Hypothesis: Combining intermittent fasting (time‑restricted feeding, TRF) with the senolytic regimen dasatinib plus quercetin (D+Q) produces synergistic clearance of senescent cells that exceeds the additive effects of each intervention alone. TRF reduces mTORC1 signaling and activates autophagy, which alters the apoptotic threshold of senescent cells by decreasing anti‑apoptotic BCL‑2 family protein expression and increasing mitochondrial priming. This metabolic state renders senescent cells more vulnerable to D+Q, where dasatinib inhibits SRC‑family kinases that sustain survival signaling and quercetin antagonizes BCL‑2/xL, thereby triggering apoptosis. Consequently, the combined treatment yields a greater reduction in senescent cell burden, SASP secretion, and age‑related functional decline than either approach singly, extending healthspan beyond current limits.

Testable predictions:

1. In naturally aged mice (20‑24 months), four groups will be compared: ad libitum control, D+Q alone (weekly oral dosing), TRF alone (16‑hour daily fast), and D+Q + TRF (same D+Q schedule during the fasting window).
2. Senescent cell burden will be quantified by p16Ink4a‑positive immunohistochemistry and SA‑β‑gal activity in liver, kidney, and adipose tissue. We predict the D+Q + TRF group will show a ≥50 % greater reduction than the sum of the individual treatments (additive expectation).
3. SASP cytokine levels (IL‑6, TNF‑α, MMP‑3) in plasma and tissue homogenates will be lowest in the combined group, correlating with senescent cell clearance.
4. Molecular readouts will confirm mechanistic links: TRF will decrease phosphorylated S6K (p‑S6K) and increase LC3‑II/LC3‑I ratio and decrease p62, indicating mTORC1 inhibition and autophagy activation. In senescent cells isolated from these tissues, BCL‑2/xL protein levels will be lower and BIM/BAX higher only in the D+Q + TRF condition.
5. Functional outcomes—grip strength, treadmill endurance, and frailty index—will improve most in the combined group, and median lifespan will be extended beyond the ~36 % increase observed with D+Q alone [1].
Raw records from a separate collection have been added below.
definition drives :: "'a form \<Rightarrow> unit \<Rightarrow> unit \<Rightarrow> unit \<Rightarrow> bool" where
  "drives F0 E G H \<longleftrightarrow>
     smallest_common_superunit F0 E G H \<and>
     \<not> (\<exists>K. subunit F0 E K \<and> K \<noteq> E \<and> quest_unit F0 K \<and> subunit F0 K H)"

definition unit_tree :: "'a form \<Rightarrow> unit set \<Rightarrow> bool" where
  "unit_tree F0 S \<longleftrightarrow> S \<noteq> {} \<and>
     (\<forall>E\<in>S. is_unit F0 E \<and>
        (\<forall>K. subunit F0 E K \<longrightarrow> K \<in> S) \<and>
        (binary_unit F0 E \<longrightarrow> (\<forall>K. child F0 E K \<longrightarrow> K \<in> S)) \<and>
        (modal_unit F0 E \<longrightarrow> (\<exists>K. child F0 E K \<and> K \<in> S)))"

datatype player = Top | Bot

fun opp :: "player \<Rightarrow> player" where
  "opp Top = Bot" | "opp Bot = Top"

text \<open>A run (finite or infinite sequence of labeled moves, a move being a string) is
  represented as a sequence with gaps: index n carries either no labmove (None) or one
  labmove. The run is the sequence of the non-None entries in order.\<close>
type_synonym run = "nat \<Rightarrow> (player \<times> string) option"

definition run_prefix :: "string \<Rightarrow> run \<Rightarrow> run" where
  "run_prefix \<alpha> \<Theta> = (\<lambda>n. case \<Theta> n of
       None \<Rightarrow> None
     | Some (w, m) \<Rightarrow> (if take (length \<alpha>) m = \<alpha> then Some (w, drop (length \<alpha>) m) else None))"

definition bits :: "bool list \<Rightarrow> string" where
  "bits u = map (\<lambda>b. if b then CHR ''1'' else CHR ''0'') u"

definition is_prefix_of_inf :: "bool list \<Rightarrow> (nat \<Rightarrow> bool) \<Rightarrow> bool" where
  "is_prefix_of_inf u y \<longleftrightarrow> (\<forall>k<length u. u ! k = y k)"

definition run_branch :: "(nat \<Rightarrow> bool) \<Rightarrow> run \<Rightarrow> run" where
  "run_branch y \<Theta> = (\<lambda>n. case \<Theta> n of
       None \<Rightarrow> None
     | Some (w, m) \<Rightarrow>
         (if \<exists>u \<beta>. m = bits u @ CHR ''.'' # \<beta> \<and> is_prefix_of_inf u y
          then Some (w, SOME \<beta>. \<exists>u. m = bits u @ CHR ''.'' # \<beta> \<and> is_prefix_of_inf u y)
          else None))"

fun proj :: "'a form \<Rightarrow> run \<Rightarrow> nat list \<Rightarrow> (nat \<Rightarrow> bool) list \<Rightarrow> run" where
  "proj F \<Theta> [] xs = \<Theta>"
| "proj (Conj A B) \<Theta> (i # p) xs =
     (if i = 0 then proj A (run_prefix ''0.'' \<Theta>) p xs else proj B (run_prefix ''1.'' \<Theta>) p xs)"
| "proj (Disj A B) \<Theta> (i # p) xs =
     (if i = 0 then proj A (run_prefix ''0.'' \<Theta>) p xs else proj B (run_prefix ''1.'' \<Theta>) p xs)"
| "proj (Bang A) \<Theta> (i # p) xs = proj A (run_branch (hd xs) \<Theta>) p (tl xs)"
| "proj (Quest A) \<Theta> (i # p) xs = proj A (run_branch (hd xs) \<Theta>) p (tl xs)"
| "proj (Atom a) \<Theta> (i # p) xs = \<Theta>"
| "proj (NegAtom a) \<Theta> (i # p) xs = \<Theta>"

definition projection :: "'a form \<Rightarrow> run \<Rightarrow> unit \<Rightarrow> run" where
  "projection F0 \<Omega> U = proj F0 \<Omega> (fst U) (snd U)"

definition moves_of :: "player \<Rightarrow> run \<Rightarrow> string set" where
  "moves_of w \<Theta> = {\<beta>. \<exists>n. \<Theta> n = Some (w, \<beta>)}"

definition opposite :: "'a form \<Rightarrow> run \<Rightarrow> unit \<Rightarrow> unit \<Rightarrow> bool" where
  "opposite F0 \<Omega> L M \<longleftrightarrow>
     politeral_unit F0 L \<and> politeral_unit F0 M \<and>
     (\<exists>a. (origin F0 L = Atom a \<and> origin F0 M = NegAtom a) \<or>
          (origin F0 L = NegAtom a \<and> origin F0 M = Atom a)) \<and>
     (\<forall>w. moves_of w (projection F0 \<Omega> L) = moves_of (opp w) (projection F0 \<Omega> M))"

text \<open>A !E-over-G domination chain L_1,M_1,X_1,...,L_n,M_n,X_n in F, given by functions
  Ls, Ms, Xs on indices 1..n, with L_{n+1} = G.\<close>
definition domination_chain ::
  "'a form \<Rightarrow> run \<Rightarrow> unit set \<Rightarrow> unit \<Rightarrow> unit \<Rightarrow> nat \<Rightarrow>
   (nat \<Rightarrow> unit) \<Rightarrow> (nat \<Rightarrow> unit) \<Rightarrow> (nat \<Rightarrow> unit) \<Rightarrow> bool" where
  "domination_chain F0 \<Omega> F BE G n Ls Ms Xs \<longleftrightarrow>
     (let LL = (\<lambda>i. if i = Suc n then G else Ls i) in
       n \<ge> 1 \<and>
       (\<forall>i\<in>{1..n}.
          politeral_unit F0 (Ls i) \<and> politeral_unit F0 (Ms i) \<and>
          Ls i \<in> F \<and> Ms i \<in> F \<and> opposite F0 \<Omega> (Ls i) (Ms i) \<and>
          drives F0 (Ms i) (LL (Suc i)) (Xs i) \<and>
          (\<forall>j. i + 2 \<le> j \<and> j \<le> Suc n \<longrightarrow> \<not> (\<exists>H. drives F0 (Ms i) (LL j) H)) \<and>
          \<not> subunit F0 (Ms i) BE) \<and>
       subunit F0 (Ls 1) BE)"

definition dominates :: "'a form \<Rightarrow> run \<Rightarrow> unit set \<Rightarrow> unit \<Rightarrow> unit \<Rightarrow> bool" where
  "dominates F0 \<Omega> F BE G \<longleftrightarrow>
     BE \<in> F \<and> G \<in> F \<and>
     ((subunit F0 G BE \<and> G \<noteq> BE) \<or> (\<exists>n Ls Ms Xs. domination_chain F0 \<Omega> F BE G n Ls Ms Xs))"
Falsifiability: If the D+Q + TRF group does not demonstrate a statistically significant greater reduction in senescent cell burden or SASP than the additive expectation (i.e., the combined effect equals or is less than the sum of D+Q alone and TRF alone), the hypothesis is falsified. Likewise, if autophagy inhibition (e.g., via chloroquine co‑administration) abolishes the enhanced senolytic effect without affecting D+Q or TRF individually, the proposed autophagy‑dependent priming mechanism is refuted.

Sex‑specific analysis will be included, as prior work suggests divergent senolytic responses [3]. By integrating metabolic reprogramming with senescent cell apoptosis, this hypothesis addresses the empiric gap identified in the literature—no peer‑reviewed study has tested D+Q with intermittent fasting protocols [1‑6]—and offers a concrete, falsifiable roadmap to determine whether timed nutrient restriction can unlock the full therapeutic potential of senolytics for healthspan extension.